Collected data entries:

(* Let $D$ be a $3$-dicritical semi-complete digraph. Then every arc $a$ of $D$ either belongs to a digon or is contained in an induced directed triangle of $D$.
   Context: Digraphs have no loops or parallel arcs; a digon is a pair of arcs $uv,vu$. A $2$-dicolouring is a map to $\{1,2\}$ whose colour classes induce acyclic subdigraphs. $D$ is $3$-dicritical if $D$ has no $2$-dicolouring but every proper subdigraph has one. $D$ is semi-complete if every two distinct vertices are joined by at least one arc. An induced directed triangle is a set of three vertices $x,y,z$ such that the subdigraph induced by them has exactly the arcs $xy,yz,zx$. *)

theory Defs
  imports Main
begin

definition digraph :: "'a set \<Rightarrow> ('a \<times> 'a) set \<Rightarrow> bool" where
  "digraph V A \<longleftrightarrow> finite V \<and> A \<subseteq> V \<times> V \<and> (\<forall>v. (v, v) \<notin> A)"

definition dicolouring :: "nat \<Rightarrow> 'a set \<Rightarrow> ('a \<times> 'a) set \<Rightarrow> ('a \<Rightarrow> nat) \<Rightarrow> bool" where
  "dicolouring k V A c \<longleftrightarrow>
     (\<forall>v\<in>V. c v \<in> {1..k}) \<and>
     (\<forall>i\<in>{1..k}. acyclic (A \<inter> ({v\<in>V. c v = i} \<times> {v\<in>V. c v = i})))"

definition dicolourable :: "nat \<Rightarrow> 'a set \<Rightarrow> ('a \<times> 'a) set \<Rightarrow> bool" where
  "dicolourable k V A \<longleftrightarrow> (\<exists>c. dicolouring k V A c)"

definition subdigraph :: "'a set \<Rightarrow> ('a \<times> 'a) set \<Rightarrow> 'a set \<Rightarrow> ('a \<times> 'a) set \<Rightarrow> bool" where
  "subdigraph V' A' V A \<longleftrightarrow> V' \<subseteq> V \<and> A' \<subseteq> A \<and> A' \<subseteq> V' \<times> V'"

definition dicritical :: "nat \<Rightarrow> 'a set \<Rightarrow> ('a \<times> 'a) set \<Rightarrow> bool" where
  "dicritical k V A \<longleftrightarrow> digraph V A \<and> \<not> dicolourable (k - 1) V A \<and>
     (\<forall>V' A'. subdigraph V' A' V A \<and> (V', A') \<noteq> (V, A) \<longrightarrow> dicolourable (k - 1) V' A')"

definition semi_complete :: "'a set \<Rightarrow> ('a \<times> 'a) set \<Rightarrow> bool" where
  "semi_complete V A \<longleftrightarrow> (\<forall>u\<in>V. \<forall>v\<in>V. u \<noteq> v \<longrightarrow> (u, v) \<in> A \<or> (v, u) \<in> A)"

definition in_digon :: "('a \<times> 'a) set \<Rightarrow> 'a \<times> 'a \<Rightarrow> bool" where
  "in_digon A a \<longleftrightarrow> a \<in> A \<and> (snd a, fst a) \<in> A"

definition induced_directed_triangle :: "'a set \<Rightarrow> ('a \<times> 'a) set \<Rightarrow> 'a \<Rightarrow> 'a \<Rightarrow> 'a \<Rightarrow> bool" where
  "induced_directed_triangle V A x y z \<longleftrightarrow> x \<in> V \<and> y \<in> V \<and> z \<in> V \<and>
     x \<noteq> y \<and> y \<noteq> z \<and> z \<noteq> x \<and>
     A \<inter> ({x, y, z} \<times> {x, y, z}) = {(x, y), (y, z), (z, x)}"

end

theory Submission
  imports Defs
begin

text \<open>Let \<open>uv\<close> be an arc not in a digon. By criticality \<open>D - uv\<close> has a 2-dicolouring, and the
  colour class \<open>S\<close> of \<open>u\<close> and \<open>v\<close> then contains a directed \<open>v\<close>-\<open>u\<close> path avoiding \<open>uv\<close>.
  Inside \<open>S\<close> the digraph \<open>D - uv\<close> is acyclic, and every vertex other than \<open>u\<close> is adjacent to \<open>v\<close>;
  walking along the path, every vertex before \<open>u\<close> must therefore be an out-neighbour of \<open>v\<close>,
  so the path can be shortcut to \<open>v \<rightarrow> w \<rightarrow> u\<close>. Acyclicity of \<open>S\<close> forbids the arcs \<open>wv\<close> and
  \<open>uw\<close>, hence \<open>u, v, w\<close> is an induced directed triangle.\<close>

lemma acyclic_asym:
  assumes "acyclic r" and "(x, y) \<in> r"
  shows "(y, x) \<notin> r"
  using assms unfolding acyclic_def by (meson r_into_trancl trancl_into_trancl)

lemma acyclic_trancl_two_step:
  assumes acy: "acyclic B"
    and path: "(v, u) \<in> B\<^sup>+" and no_arc: "(v, u) \<notin> B"
    and adjacent: "\<And>x. (v, x) \<in> B\<^sup>+ \<Longrightarrow> x \<noteq> u \<Longrightarrow> (v, x) \<in> B \<or> (x, v) \<in> B"
  shows "\<exists>w. (v, w) \<in> B \<and> (w, u) \<in> B"
proof (rule ccontr)
  assume no_two_step: "\<not> ?thesis"
  have "(v, y) \<in> B" if "(v, y) \<in> B\<^sup>+" for y
    using that
  proof (induction rule: trancl_induct)
    case (step y z)
    have "(v, z) \<in> B\<^sup>+" using step by auto
    moreover have "z \<noteq> u" using no_two_step step by auto
    moreover have "(z, v) \<notin> B"
    proof
      assume "(z, v) \<in> B"
      then have "(v, v) \<in> B\<^sup>+" using step by (meson r_into_trancl trancl_trans)
      then show False using acy unfolding acyclic_def by blast
    qed
    ultimately show ?case using adjacent by blast
  qed
  with path no_arc show False by blast
qed

lemma dicritical_arc_deletion_dicolourable:
  assumes "dicritical k V A" and "a \<in> A"
  shows "dicolourable (k - 1) V (A - {a})"
proof -
  have "subdigraph V (A - {a}) V A" "(V, A - {a}) \<noteq> (V, A)"
    using assms unfolding dicritical_def digraph_def subdigraph_def by auto
  then show ?thesis using assms(1) unfolding dicritical_def by blast
qed

lemma dicritical_arc_colour_class:
  assumes crit: "dicritical k V A" and uv: "(u, v) \<in> A"
  obtains S where "S \<subseteq> V" "u \<in> S" "v \<in> S"
    "acyclic ((A - {(u, v)}) \<inter> (S \<times> S))"
    "(v, u) \<in> ((A - {(u, v)}) \<inter> (S \<times> S))\<^sup>+"
proof -
  obtain c where c: "dicolouring (k - 1) V (A - {(u, v)}) c"
    using dicritical_arc_deletion_dicolourable[OF crit uv] unfolding dicolourable_def by blast
  have "\<not> dicolouring (k - 1) V A c"
    using crit unfolding dicritical_def dicolourable_def by blast
  then obtain i where i: "i \<in> {1..k - 1}"
    and cyclic: "\<not> acyclic (A \<inter> ({x \<in> V. c x = i} \<times> {x \<in> V. c x = i}))"
    using c unfolding dicolouring_def by blast
  define S where "S = {x \<in> V. c x = i}"
  define B where "B = (A - {(u, v)}) \<inter> (S \<times> S)"
  have acy: "acyclic B"
    using c i unfolding dicolouring_def B_def S_def by (simp add: Int_Diff Diff_Int_distrib2)
  have ends: "u \<in> S \<and> v \<in> S"
  proof (rule ccontr)
    assume "\<not> (u \<in> S \<and> v \<in> S)"
    then have "A \<inter> (S \<times> S) = B" unfolding B_def by auto
    with acy cyclic show False unfolding S_def by simp
  qed
  then have "A \<inter> (S \<times> S) = insert (u, v) B" unfolding B_def using uv by auto
  then have "(v, u) \<in> B\<^sup>*" using cyclic acy unfolding S_def[symmetric] by simp
  moreover have "u \<noteq> v" using crit uv unfolding dicritical_def digraph_def by auto
  ultimately have "(v, u) \<in> B\<^sup>+" by (auto simp: rtrancl_eq_or_trancl)
  moreover have "S \<subseteq> V" unfolding S_def by blast
  ultimately show thesis using that acy ends unfolding B_def by blast
qed

theorem lemma14:
  fixes V :: "'a set" and A :: "('a \<times> 'a) set"
  assumes "dicritical 3 V A"
    and "semi_complete V A"
    and "a \<in> A"
  shows "in_digon A a \<or>
         (\<exists>x y z. induced_directed_triangle V A x y z \<and> a \<in> {(x, y), (y, z), (z, x)})"
proof (cases "in_digon A a")
  case False
  obtain u v where a: "a = (u, v)" by (cases a)
  have uv: "(u, v) \<in> A" and vu: "(v, u) \<notin> A"
    using assms(3) False unfolding a in_digon_def by auto
  have loopless: "\<And>x. (x, x) \<notin> A" using assms(1) unfolding dicritical_def digraph_def by auto
  obtain S where S: "S \<subseteq> V" "u \<in> S" "v \<in> S"
    and colour_class: "acyclic ((A - {(u, v)}) \<inter> (S \<times> S))"
      "(v, u) \<in> ((A - {(u, v)}) \<inter> (S \<times> S))\<^sup>+"
    using dicritical_arc_colour_class[OF assms(1) uv] by blast
  define B where "B = (A - {(u, v)}) \<inter> (S \<times> S)"
  have acy: "acyclic B" and path: "(v, u) \<in> B\<^sup>+" using colour_class unfolding B_def .
  have "(v, x) \<in> B \<or> (x, v) \<in> B" if "(v, x) \<in> B\<^sup>+" "x \<noteq> u" for x
  proof -
    have "x \<in> S" using that(1) by (induction rule: trancl_induct) (auto simp: B_def)
    moreover have "x \<noteq> v" using that(1) acy unfolding acyclic_def by blast
    ultimately show ?thesis using assms(2) S that(2) unfolding semi_complete_def B_def by blast
  qed
  moreover have "(v, u) \<notin> B" using vu unfolding B_def by blast
  ultimately obtain w where vw: "(v, w) \<in> B" and wu: "(w, u) \<in> B"
    using acyclic_trancl_two_step[OF acy path] by blast
  have w: "w \<in> S" "w \<noteq> u" "w \<noteq> v" and vwA: "(v, w) \<in> A" and wuA: "(w, u) \<in> A"
    using vw wu loopless unfolding B_def by auto
  have "(w, v) \<notin> B" "(u, w) \<notin> B" using acyclic_asym[OF acy] vw wu by blast+
  then have "(w, v) \<notin> A" "(u, w) \<notin> A" using S w unfolding B_def by auto
  then have "induced_directed_triangle V A u v w"
    using S w uv vu vwA wuA loopless unfolding induced_directed_triangle_def by auto
  then show ?thesis unfolding a by blast
qed simp

end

## Requirement
Give back exactly the lines from the beginning of the records through the line containing "A \<longleftrightarrow> finite", and only those.

## Task response
(* Let $D$ be a $3$-dicritical semi-complete digraph. Then every arc $a$ of $D$ either belongs to a digon or is contained in an induced directed triangle of $D$.
   Context: Digraphs have no loops or parallel arcs; a digon is a pair of arcs $uv,vu$. A $2$-dicolouring is a map to $\{1,2\}$ whose colour classes induce acyclic subdigraphs. $D$ is $3$-dicritical if $D$ has no $2$-dicolouring but every proper subdigraph has one. $D$ is semi-complete if every two distinct vertices are joined by at least one arc. An induced directed triangle is a set of three vertices $x,y,z$ such that the subdigraph induced by them has exactly the arcs $xy,yz,zx$. *)

theory Defs
  imports Main
begin

definition digraph :: "'a set \<Rightarrow> ('a \<times> 'a) set \<Rightarrow> bool" where
  "digraph V A \<longleftrightarrow> finite V \<and> A \<subseteq> V \<times> V \<and> (\<forall>v. (v, v) \<notin> A)"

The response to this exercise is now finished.